lemma rotation_third_if_equilateral:
  assumes A: "norm A0 < 1" "norm A1 < 1" "norm A2 < 1"
    and E: "equilateral (sqrt 3 / 2) A0 A1 A2"
  shows "has_rotation_number (convex hull {A0, A1, A2}) (1/3)"
proof -
  have "side A0 A1 A2 \<noteq> 0"
    using equilateral_side_sq[OF E] by auto
  then consider "side A0 A1 A2 > 0" | "side A0 A2 A1 > 0"
    using side_swap[of A0 A1 A2] by linarith
  then obtain t where "(psi_lift (convex hull {A0, A1, A2}) ^^ 3) t = t + 1"
  proof cases
    case 1
    then show ?thesis
      using that psi_lift_three_periodic[OF A 1 equilateral_disk_product_le[OF A E]] by blast
  next
    case 2
    have "{A0, A2, A1} = {A0, A1, A2}" by auto
    then show ?thesis
      using that psi_lift_three_periodic[OF A(1,3,2) 2
          equilateral_disk_product_le[OF A(1,3,2) equilateral_swap[OF E]]]
      by auto
  qed
  then have "(\<lambda>n. (psi_lift (convex hull {A0, A1, A2}) ^^ n) 0 / real n) \<longlonglongrightarrow> of_int 1 / real 3"
    by (intro circle_lift.rotation_number_periodic_orbit[OF circle_lift_psi_lift[OF A]]) simp_all
  then show ?thesis by (simp add: has_rotation_number_def)
qed

section \<open>Similar copies of an equilateral triangle\<close>

lemma convex_hull3_dist_le:
  fixes A B C :: "'a::real_normed_vector"
  assumes "\<And>V W. V \<in> {A, B, C} \<Longrightarrow> W \<in> {A, B, C} \<Longrightarrow> dist V W \<le> m"
    and x: "x \<in> convex hull {A, B, C}" and y: "y \<in> convex hull {A, B, C}"
  shows "dist x y \<le> m"
proof -
  have "convex hull {A, B, C} \<subseteq> cball V m" if "V \<in> {A, B, C}" for V
    using assms(1) that by (intro hull_minimal) (auto simp: convex_cball)
  then have "convex hull {A, B, C} \<subseteq> cball y m"
    using y by (intro hull_minimal) (auto simp: convex_cball dist_commute subset_iff)
  then show ?thesis using x by (auto simp: dist_commute)
qed

lemma convex_hull3_diameter_point_is_vertex:
  fixes A B C :: complex
  assumes diam: "\<And>p q. p \<in> convex hull {A, B, C} \<Longrightarrow> q \<in> convex hull {A, B, C} \<Longrightarrow> dist p q \<le> m"
    and x: "x \<in> convex hull {A, B, C}" and y: "y \<in> convex hull {A, B, C}" and xy: "dist x y = m"
  shows "x \<in> {A, B, C}"
proof -
  obtain u v w where uvw: "0 \<le> u" "0 \<le> v" "0 \<le> w" "u + v + w = 1"
    and xe: "x = u *\<^sub>R A + v *\<^sub>R B + w *\<^sub>R C"
    using x unfolding convex_hull_3 by blast
  \<comment> \<open>parallel axis theorem for the weights u, v, w, coordinatewise\<close>
  have parallel_axis: "u * (a - z)^2 + v * (b - z)^2 + w * (c - z)^2 =
      ((u * a + v * b + w * c) - z)^2 + u * (a - (u * a + v * b + w * c))^2
      + v * (b - (u * a + v * b + w * c))^2 + w * (c - (u * a + v * b + w * c))^2" for a b c z :: real
    using uvw(4) by algebra
  have "Re x = u * Re A + v * Re B + w * Re C" "Im x = u * Im A + v * Im B + w * Im C"
    by (simp_all add: xe)
  then have "u * (cmod (A - y))^2 + v * (cmod (B - y))^2 + w * (cmod (C - y))^2 =
     (cmod (x - y))^2 + u * (cmod (A - x))^2 + v * (cmod (B - x))^2 + w * (cmod (C - x))^2"
    using parallel_axis[of "Re A" "Re y" "Re B" "Re C"] parallel_axis[of "Im A" "Im y" "Im B" "Im C"]
    unfolding cmod_power2 by (simp add: distrib_left)
  moreover have "u * (cmod (A - y))^2 + v * (cmod (B - y))^2 + w * (cmod (C - y))^2 \<le> (cmod (x - y))^2"
  proof -
    have "(cmod (X - y))^2 \<le> m^2" if "X \<in> {A, B, C}" for X
      using diam[OF hull_inc[OF that] y] xy by (simp add: dist_norm power_mono)
    then have "u * (cmod (A - y))^2 + v * (cmod (B - y))^2 + w * (cmod (C - y))^2 \<le> u * m^2 + v * m^2 + w * m^2"
      using uvw by (intro add_mono mult_left_mono) auto
    also have "\<dots> = (cmod (x - y))^2"
      using uvw(4) xy by (simp add: dist_norm flip: distrib_right)
    finally show ?thesis .
  qed
  ultimately have "u * (cmod (A - x))^2 + v * (cmod (B - x))^2 + w * (cmod (C - x))^2 \<le> 0"
    by linarith
  moreover have "0 \<le> u * (cmod (A - x))^2" "0 \<le> v * (cmod (B - x))^2" "0 \<le> w * (cmod (C - x))^2"
    using uvw by simp_all
  ultimately have "u * (cmod (A - x))^2 = 0" "v * (cmod (B - x))^2 = 0" "w * (cmod (C - x))^2 = 0"
    by linarith+
  then show ?thesis using uvw(4) by auto
qed

lemma similar_image_of_equilateral:
  fixes A B C P Q R :: complex and f :: "complex \<Rightarrow> complex"
  assumes c: "c > 0" and f: "\<And>x y. dist (f x) (f y) = c * dist x y"
    and img: "f ` (convex hull {A, B, C}) = convex hull {P, Q, R}"
    and E: "equilateral L P Q R" and L: "L > 0"
  shows "equilateral (L / c) A B C"
proof -
  define m where "m = L / c"
  have m: "m > 0" using c L by (simp add: m_def)
  have vertices: "dist V W \<le> L" if "V \<in> {P, Q, R}" "W \<in> {P, Q, R}" for V W
    using E L that by (auto simp: equilateral_def dist_commute)
  have diam: "dist p q \<le> m" if "p \<in> convex hull {A, B, C}" "q \<in> convex hull {A, B, C}" for p q
  proof -
    have "f p \<in> convex hull {P, Q, R}" "f q \<in> convex hull {P, Q, R}"
      using that img by blast+
    then have "c * dist p q \<le> L"
      using convex_hull3_dist_le[where A=P and B=Q and C=R and m=L, OF vertices] f[of p q]
      by metis
    then show ?thesis using c by (simp add: m_def field_simps)
  qed
  \<comment> \<open>the preimages of the vertices are pairwise at the maximal distance, hence vertices\<close>
  have "P \<in> f ` (convex hull {A, B, C})" "Q \<in> f ` (convex hull {A, B, C})"
    "R \<in> f ` (convex hull {A, B, C})"
    unfolding img by (simp_all add: hull_inc)
  then obtain aP aQ aR where a: "aP \<in> convex hull {A, B, C}" "aQ \<in> convex hull {A, B, C}"
      "aR \<in> convex hull {A, B, C}" and fa: "P = f aP" "Q = f aQ" "R = f aR"
    by blast
  have "c * dist aP aQ = L" "c * dist aQ aR = L" "c * dist aR aP = L"
    using E f[of aP aQ] f[of aQ aR] f[of aR aP] by (simp_all add: equilateral_def fa)
  then have dd: "dist aP aQ = m" "dist aQ aR = m" "dist aR aP = m"
    using c by (simp_all add: m_def field_simps)
  have v: "aP \<in> {A, B, C}" "aQ \<in> {A, B, C}" "aR \<in> {A, B, C}"
    using convex_hull3_diameter_point_is_vertex[OF diam] a dd by blast+
  have pair: "dist x y = m" if "x \<in> {aP, aQ, aR}" "y \<in> {aP, aQ, aR}" "x \<noteq> y" for x y
    using dd that by (auto simp: dist_commute)
  have "aP \<noteq> aQ" "aQ \<noteq> aR" "aR \<noteq> aP" using dd m by auto
  then have "A \<in> {aP, aQ, aR}" "B \<in> {aP, aQ, aR}" "C \<in> {aP, aQ, aR}"
    "A \<noteq> B" "B \<noteq> C" "C \<noteq> A"
    using v by auto
  then show ?thesis
    using pair by (simp add: equilateral_def m_def)
qed

section \<open>The infimum \<open>mu\<close> for equilateral triangles\<close>

definition mu_admissible :: "complex \<Rightarrow> complex \<Rightarrow> complex \<Rightarrow> complex \<Rightarrow> complex \<Rightarrow> complex \<Rightarrow> bool" where
  "mu_admissible P Q R P' Q' R' \<longleftrightarrow>
     nondegenerate P' Q' R' \<and> tri P' Q' R' \<subseteq> unit_disk \<and> similar_tri (tri P' Q' R') (tri P Q R) \<and>
     (\<forall>P'' Q'' R''. nondegenerate P'' Q'' R'' \<and> tri P'' Q'' R'' \<subseteq> unit_disk \<and>
        congruent_tri (tri P'' Q'' R'') (tri P' Q' R') \<longrightarrow>
        has_rotation_number (tri P'' Q'' R'') (1/3))"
########################################
→ EXERCISE DETAILS: Set the material down exactly as written, starting at its first line. The line containing "using that psi_lift_three_periodic[OF A(1,3,2)" is the last one to include.

→ WRITTEN RESPONSE:
lemma rotation_third_if_equilateral:
  assumes A: "norm A0 < 1" "norm A1 < 1" "norm A2 < 1"
    and E: "equilateral (sqrt 3 / 2) A0 A1 A2"
  shows "has_rotation_number (convex hull {A0, A1, A2}) (1/3)"
proof -
  have "side A0 A1 A2 \<noteq> 0"
    using equilateral_side_sq[OF E] by auto
  then consider "side A0 A1 A2 > 0" | "side A0 A2 A1 > 0"
    using side_swap[of A0 A1 A2] by linarith
  then obtain t where "(psi_lift (convex hull {A0, A1, A2}) ^^ 3) t = t + 1"
  proof cases
    case 1
    then show ?thesis
      using that psi_lift_three_periodic[OF A 1 equilateral_disk_product_le[OF A E]] by blast
  next
    case 2
    have "{A0, A2, A1} = {A0, A1, A2}" by auto
    then show ?thesis
      using that psi_lift_three_periodic[OF A(1,3,2) 2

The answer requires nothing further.